Thereafter, the Central Bureau of Investigation (CBI) registered a preliminary enquiry to investigate alleged “irregularities and misconduct” by unidentified Delhi government’s public servants in the construction of the house. Interestingly, the report was being prepared and investigated by Special Secretary (Vigilance) Y.V.V.J. Rajasekhar who had been immediately divested of all duties by the Delhi government following the latest Supreme Court verdict on the services issue in May 2023, and his office was sealed and taken control of by the Delhi government. At the time, there was widespread apprehension that the government may try to interfere with the evidence linked to this scam. It was likely this anticipation which led to the central government immediately reinstating Rajasekhar and creating the NCCSA in a bid to get around the Supreme Court verdict which had disproportionately inflated the power of the Delhi government.

Excise Policy scam:

After a series of scams, it was finally, most recently, in the excise policy scam – also known as the Delhi liquor scam – that Arvind Kejriwal was arrested, after having ignored nine summons to appear before the ED. This was the first instance of a sitting Chief Minister being jailed, with even the Delhi High Court refusing to grant him protection from arrest. The Delhi Excise Policy case arose in 2022 based on a report submitted by Delhi Chief Secretary to the Lieutenant Governor (L-G) of Delhi.

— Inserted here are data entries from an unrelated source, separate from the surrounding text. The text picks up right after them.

(* Let $A=\mathrm{diag}(\lambda_1,\dots,\lambda_k)$ with distinct real $\lambda_j$, $|\lambda_j|>1$, let $h\ne0$, $p\ge0$, and let $\bar\Gamma\in\mathbb R^{1\times k}$ be a row vector with all entries nonzero. Let $\tilde J$ be the unique solution of $$\tilde J=A^{-1}\tilde JA^{-T}-\frac{\bar\Gamma^T\bar\Gamma}{1+h^2p}+A^{-1}\bar\Gamma^T\bar\Gamma A^{-T}.$$ Then, with $D_\Gamma=\mathrm{diag}(\bar\Gamma)$ (the diagonal matrix with the entries of $\bar\Gamma$ on its diagonal) and $M$ the solution of $M=A^{-1}MA^{-T}+\mathbf 1\mathbf 1^T$, $$\tilde J=D_\Gamma\Big(\frac{h^2p}{1+h^2p}M-\mathbf 1\mathbf 1^T\Big)D_\Gamma,$$ and $\tilde J\succ0$ if and only if $1+h^2p>|\det A|^2$, i.e. $\sum_{j=1}^k\log|\lambda_j|<\tfrac12\log(1+h^2p)$.
   Context: $\mathbf 1\in\mathbb R^k$ denotes the all-ones vector. *)

theory Defs
  imports "HOL-Analysis.Analysis"
begin

definition diag_mat :: "real^'k \<Rightarrow> real^'k^'k" where
  "diag_mat v = (\<chi> i j. if i = j then v $ i else 0)"

text \<open>Outer product u v^T (for the row vector Gamma, Gamma^T Gamma = outer g g).\<close>
definition outer :: "real^'k \<Rightarrow> real^'k \<Rightarrow> real^'k^'k" where
  "outer u v = (\<chi> i j. u $ i * v $ j)"

definition ones_mat :: "real^'k^'k" where
  "ones_mat = (\<chi> i j. 1)"

definition pos_def :: "real^'k^'k \<Rightarrow> bool" where
  "pos_def J \<longleftrightarrow> transpose J = J \<and> (\<forall>x. x \<noteq> 0 \<longrightarrow> x \<bullet> (J *v x) > 0)"

end

theory Submission
  imports Defs "HOL-Computational_Algebra.Polynomial"
begin

text \<open>
  Put a_i = 1/lambda_i. For diagonal A the Stein equation X = A^-1 X A^-T + C is solved entrywise
  by X_ij = C_ij / (1 - a_i a_j), which gives the closed form of J. In the variable y = D_Gamma x
  its quadratic form is e Q(y) - (sum_i y_i)^2, where e = h^2 p / (1 + h^2 p) and
  Q(y) = sum_ij y_i y_j / (1 - a_i a_j) = sum_n (sum_i y_i a_i^n)^2 is positive definite because
  the a_i are distinct (Vandermonde). So J is positive definite iff e exceeds the maximum of
  (sum_i y_i)^2 / Q(y). By Cauchy-Schwarz for Q this maximum is attained at the solution w of
  M w = 1 and equals sum_i w_i. Finally sum_i w_i = 1 - prod_i a_i^2: with beta = prod_l (-a_l),
  the polynomials sum_i w_i prod_(l ~= i) (1 - a_l z) + beta prod_l (z - a_l) and prod_l (1 - a_l z)
  have degree k, the same coefficient of z^k and agree at the k points a_j, so they coincide;
  now evaluate at z = 0.
\<close>

definition cauchy_form :: "real^'k \<Rightarrow> real^'k \<Rightarrow> real" where
  "cauchy_form a x = (\<Sum>i\<in>UNIV. \<Sum>j\<in>UNIV. x$i * x$j / (1 - a$i * a$j))"

lemma abs_mult_less_one:
  fixes a :: "real^'k"
  assumes "\<And>i. \<bar>a$i\<bar> < 1"
  shows "\<bar>a$i * a$j\<bar> < 1"
  using abs_mult_less[OF assms[of i] assms[of j]] by (simp add: abs_mult)

lemma one_minus_mult_pos:
  fixes a :: "real^'k"
  assumes "\<And>i. \<bar>a$i\<bar> < 1"
  shows "1 - a$i * a$j > 0"
  using abs_mult_less_one[OF assms, of i j] by linarith

lemma cauchy_form_sums:
  assumes "\<And>i. \<bar>a$i\<bar> < 1"
  shows "(\<lambda>n. (\<Sum>i\<in>UNIV. x$i * a$i^n)\<^sup>2) sums cauchy_form a x"
proof -
  have "(\<lambda>n. \<Sum>i\<in>UNIV. \<Sum>j\<in>UNIV. x$i * x$j * (a$i * a$j)^n)
      sums (\<Sum>i\<in>UNIV. \<Sum>j\<in>UNIV. x$i * x$j * (1 / (1 - a$i * a$j)))"
    using abs_mult_less_one[OF assms] by (intro sums_sum sums_mult geometric_sums) simp
  moreover have "(\<Sum>i\<in>UNIV. x$i * a$i^n)\<^sup>2 = (\<Sum>i\<in>UNIV. \<Sum>j\<in>UNIV. x$i * x$j * (a$i * a$j)^n)" for n
    by (simp add: power2_eq_square sum_product power_mult_distrib mult_ac)
  ultimately show ?thesis by (simp add: cauchy_form_def)
qed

The report alleged that there were procedural lapses in the formulation of the Delhi Excise Policy 2021-22, which briefly came into force in November 2021 but was later scrapped in July 2022 due to widespread resistance from the people. Prior to the formulation of the new excise policy by the AAP government in 2021, the liquor business in the city was regulated by the government of Delhi, with around 60% being under government control and 40% being under private ownership. The new excise policy was formulated with the stated aim of curbing mafia and black marketing in the liquor business in the city.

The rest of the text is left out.